JAKARTA, iNewsBogor.id – Staf Khusus Menteri Keuangan Bidang Komunikasi Strategis, Yustinus Prastowo angkat bicara soal Jusuf Hamka yang menagih utang negara sebesar Rp800 miliar pada PT Citra Marga Nusaphala Persada Tbk (CMNP).
Pembayaran yang dimohonkan Jusuf Hamka, menurut Prastowo adalah pengembalian dana deposito CMNP yang ditempatkan di Bank Yama, yang kolaps pada saat krisis tahun 1998.
Namun, pengembalian deposito CMNP tidak dapat dilakukan karena pemerintah mengganggap perusahaan tersebut terafiliasi langsung dengan Bank Yama yang dimiliki oleh Siti Hardiyanti Rukmana atau Tutut Soeharto.
“Maka ketentuan penjaminan atas deposito CMNP tersebut tidak mendapatkan penjaminan pemerintah karena ada hubungan terafiliasi antara CMNP dan Bank Yama. Sehingga permohonan pengembalian ditolak oleh BPPN sebagai lembaga yang dibentuk untuk melaksanakan penyehatan perbankan,” ucap Prastowo saat dikonfirmasi Kamis (8/6/2024).

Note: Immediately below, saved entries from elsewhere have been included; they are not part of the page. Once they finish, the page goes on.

(* Let $L$ be a finite lattice. If $\mathsf{C}(L)=\mathsf{Pol}_{0,1}(L)$, then the only tolerances on $L$ are $\mathrm{id}_L=\{(x,x):x\in L\}$ and $L^2$.
   Context: $L$ has bounds $0,1$. An $n$-ary aggregation function on $L$ ($n\ge1$) is a nondecreasing map $A:L^n\to L$ with $A(0,\dots,0)=0$ and $A(1,\dots,1)=1$; $\mathsf{C}(L)$ is the set of all of them. Polynomials on $L$ are functions $L^n\to L$ built from projections and constants by finitely many pointwise joins and meets; $\mathsf{Pol}_{0,1}(L)$ is the set of polynomials preserving $0$ and $1$ (i.e. $p(0,\dots,0)=0$, $p(1,\dots,1)=1$). A tolerance on $L$ is a reflexive, symmetric binary relation $T$ such that $(a,b),(c,d)\in T$ imply $(a\vee c,b\vee d),(a\wedge c,b\wedge d)\in T$. *)

theory Defs
  imports Main
begin

text \<open>n-ary operations on L are represented as functions on lists; only their
values on lists of length n matter.\<close>

definition aggregation :: "nat \<Rightarrow> ('a::bounded_lattice list \<Rightarrow> 'a) \<Rightarrow> bool" where
  "aggregation n A \<longleftrightarrow> n \<ge> 1 \<and>
     (\<forall>xs ys. length xs = n \<longrightarrow> length ys = n \<longrightarrow> list_all2 (\<le>) xs ys \<longrightarrow> A xs \<le> A ys) \<and>
     A (replicate n bot) = bot \<and> A (replicate n top) = top"

inductive polynomial :: "nat \<Rightarrow> ('a::lattice list \<Rightarrow> 'a) \<Rightarrow> bool" for n :: nat where
  proj: "i < n \<Longrightarrow> polynomial n (\<lambda>xs. xs ! i)"
| const: "polynomial n (\<lambda>_. c)"
| join: "polynomial n p \<Longrightarrow> polynomial n q \<Longrightarrow> polynomial n (\<lambda>xs. sup (p xs) (q xs))"
| meet: "polynomial n p \<Longrightarrow> polynomial n q \<Longrightarrow> polynomial n (\<lambda>xs. inf (p xs) (q xs))"

definition pol01 :: "nat \<Rightarrow> ('a::bounded_lattice list \<Rightarrow> 'a) \<Rightarrow> bool" where
  "pol01 n f \<longleftrightarrow> n \<ge> 1 \<and>
     (\<exists>p. polynomial n p \<and> (\<forall>xs. length xs = n \<longrightarrow> f xs = p xs)) \<and>
     f (replicate n bot) = bot \<and> f (replicate n top) = top"

definition C_eq_Pol01 :: "'a::bounded_lattice itself \<Rightarrow> bool" where
  "C_eq_Pol01 _ \<longleftrightarrow> (\<forall>n (f :: 'a list \<Rightarrow> 'a). aggregation n f \<longleftrightarrow> pol01 n f)"

definition tolerance :: "('a::lattice \<times> 'a) set \<Rightarrow> bool" where
  "tolerance T \<longleftrightarrow> (\<forall>x. (x, x) \<in> T) \<and> (\<forall>a b. (a, b) \<in> T \<longrightarrow> (b, a) \<in> T) \<and>
     (\<forall>a b c d. (a, b) \<in> T \<longrightarrow> (c, d) \<in> T \<longrightarrow>
        (sup a c, sup b d) \<in> T \<and> (inf a c, inf b d) \<in> T)"

end

theory Submission
  imports Defs
begin

text \<open>Every polynomial preserves every tolerance, so under \<open>C(L) = Pol\<^sub>0\<^sub>,\<^sub>1(L)\<close> so does
  every aggregation function. If a tolerance relates \<open>u\<close> to some \<open>v \<noteq> u\<close>, we may assume
  \<open>v \<notle> u\<close>; the unary threshold function sending \<open>x\<close> to \<open>1\<close> if \<open>v \<le> x\<close> and to \<open>0\<close> otherwise
  is an aggregation function and maps \<open>(u, v)\<close> to \<open>(0, 1)\<close>. A tolerance containing \<open>(0, 1)\<close>
  contains every comparable pair (meet and join with reflexive pairs), hence \<open>(c, c \<sqinter> d)\<close>
  and \<open>(c \<sqinter> d, d)\<close>, whose join is \<open>(c, d)\<close>.\<close>

lemma tolerance_polynomial:
  assumes "tolerance T" and "polynomial n p"
    and "length xs = n" and "list_all2 (\<lambda>x y. (x, y) \<in> T) xs ys"
  shows "(p xs, p ys) \<in> T"
  using assms(2-)
proof (induction rule: polynomial.induct)
  case (proj i)
  then show ?case using list_all2_nthD[of _ xs ys i] by auto
qed (use \<open>tolerance T\<close> in \<open>auto simp: tolerance_def\<close>)

lemma tolerance_aggregation:
  assumes "C_eq_Pol01 TYPE('a::bounded_lattice)" and "tolerance T"
    and "aggregation n (f :: 'a list \<Rightarrow> 'a)"
    and "length xs = n" and "list_all2 (\<lambda>x y. (x, y) \<in> T) xs ys"
  shows "(f xs, f ys) \<in> T"
proof -
  have "pol01 n f"
    using assms(1,3) unfolding C_eq_Pol01_def by blast
  then obtain p where p: "polynomial n p" "\<And>zs. length zs = n \<Longrightarrow> f zs = p zs"
    unfolding pol01_def by blast
  have "length ys = n"
    using assms(4,5) by (simp add: list_all2_lengthD)
  then show ?thesis
    using tolerance_polynomial[OF assms(2) p(1) assms(4,5)] p(2) assms(4) by simp
qed

lemma aggregation_threshold:
  fixes v :: "'a::bounded_lattice"
  assumes "v \<noteq> bot"
  shows "aggregation 1 (\<lambda>xs. if v \<le> hd xs then top else bot)"
  unfolding aggregation_def
proof (intro conjI allI impI)
  fix xs ys :: "'a list"
  assume "length xs = 1" "length ys = 1" "list_all2 (\<le>) xs ys"
  then obtain x y where "xs = [x]" "ys = [y]" "x \<le> y"
    by (cases xs; cases ys) auto
  then show "(if v \<le> hd xs then top else bot :: 'a) \<le> (if v \<le> hd ys then top else bot)"
    by (auto dest: order_trans)
qed (use assms in \<open>auto simp: bot_unique\<close>)

lemma tolerance_not_Id_obtains:
  assumes "tolerance T" and "T \<noteq> Id"
  obtains u v where "(u, v) \<in> T" and "\<not> v \<le> u"
proof -
  obtain a b where ab: "(a, b) \<in> T" "a \<noteq> b"
    using assms unfolding tolerance_def by auto
  moreover have "(b, a) \<in> T"
    using assms(1) ab(1) unfolding tolerance_def by blast
  ultimately show ?thesis
    using that antisym by blast
qed

lemma tolerance_bot_top_le:
  assumes "tolerance T" and "(bot, top) \<in> T" and "c \<le> (d::'a::bounded_lattice)"
  shows "(c, d) \<in> T"
proof -
  have "(sup bot c, sup top c) \<in> T" and "(d, d) \<in> T"
    using assms(1,2) unfolding tolerance_def by blast+
  then have "(inf (sup bot c) d, inf (sup top c) d) \<in> T"
    using assms(1) unfolding tolerance_def by blast
  then show ?thesis
    using assms(3) by (simp add: inf_absorb1 inf_absorb2)
qed

lemma tolerance_bot_top_eq_UNIV:
  assumes "tolerance T" and "(bot, top) \<in> (T :: ('a::bounded_lattice \<times> 'a) set)"
  shows "T = UNIV"
proof -
  have "(c, d) \<in> T" for c d
  proof -
    have "(inf c d, c) \<in> T" and "(inf c d, d) \<in> T"
      using tolerance_bot_top_le[OF assms] by simp_all
    then have "(c, inf c d) \<in> T" and "(inf c d, d) \<in> T"
      using assms(1) unfolding tolerance_def by blast+
    then have "(sup c (inf c d), sup (inf c d) d) \<in> T"
      using assms(1) unfolding tolerance_def by blast
    then show ?thesis
      by (simp add: sup_absorb1 sup_absorb2)
  qed
  then show ?thesis by auto
qed

theorem mainTheorem3:
  fixes T :: "('a::{finite, bounded_lattice} \<times> 'a) set"
  assumes "C_eq_Pol01 TYPE('a)"
    and "tolerance T"
  shows "T = Id \<or> T = UNIV"
proof (cases "T = Id")
  case False
  with assms(2) obtain u v where uv: "(u, v) \<in> T" "\<not> v \<le> u"
    by (rule tolerance_not_Id_obtains)
  define f :: "'a list \<Rightarrow> 'a" where "f = (\<lambda>xs. if v \<le> hd xs then top else bot)"
  have "aggregation 1 f"
    unfolding f_def using uv(2) by (intro aggregation_threshold) auto
  then have "(f [u], f [v]) \<in> T"
    using tolerance_aggregation[OF assms] uv(1) by simp
  then have "(bot, top) \<in> T"
    using uv(2) by (simp add: f_def)
  then show ?thesis
    using tolerance_bot_top_eq_UNIV[OF assms(2)] by blast
qed simp

end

Menurut Prastowo, CMNP tidak menerima keputusan BPPN, sehingga mengajukan gugatan untuk tetap memperoleh pengembalian deposito. Kendati demikian, gugatan tersebut dikabulkan, sehingga pemerintah dihukum untuk mengembalikan deposito beserta bunganya pada perusahaan Jusuf Hamka.
“Meskipun demikian, pembayaran deposito tersebut bukan disebabkan negara punya kewajiban kontraktual kepada CMNP. Hakim berpendapat bahwa Negara bertanggung jawab atas gagalnya Bank Yama mengembalikan deposito CMNP,” ujar Prastowo.
“Dengan demikian negara dihukum membayar dari APBN untuk mengembalikan deposito CMNP yang disimpan di bank yang juga dimiliki pemilik CMNP,” sambungnya.
Permohonan pembayaran utang pada perusahaan Jusuf Hamka, menurut Prastowo sudah direspon oleh Biro Advokasi Kemenkeu kepada lawyer-lawyer yang ditunjuk oleh CMNP. Kendati demikian, Kemenkeu tetap perlu berhati-hati dalam memenuhi hak CMNP.
“Mengingat putusan tersebut mengakibatkan beban pengeluaran keuangan Negara, maka pelaksanaan putusan tersebut harus memenuhi mekanisme pengelolaan keuangan negara berdasarkan Undang-Undang Keuangan Negara, terutama prinsip kehati-hatian,” tutur Prastowo.
“Untuk itu, perlu terlebih dahulu dilakukan penelitian baik dari sisi kemampuan keuangan negara dalam rangka menjaga kepentingan publik yang perlu dibiayai negara maupun penelitian untuk memastikan pengeluaran beban anggaran telah memenuhi ketentuan pengelolaan keuangan Negara,” pungkasnya.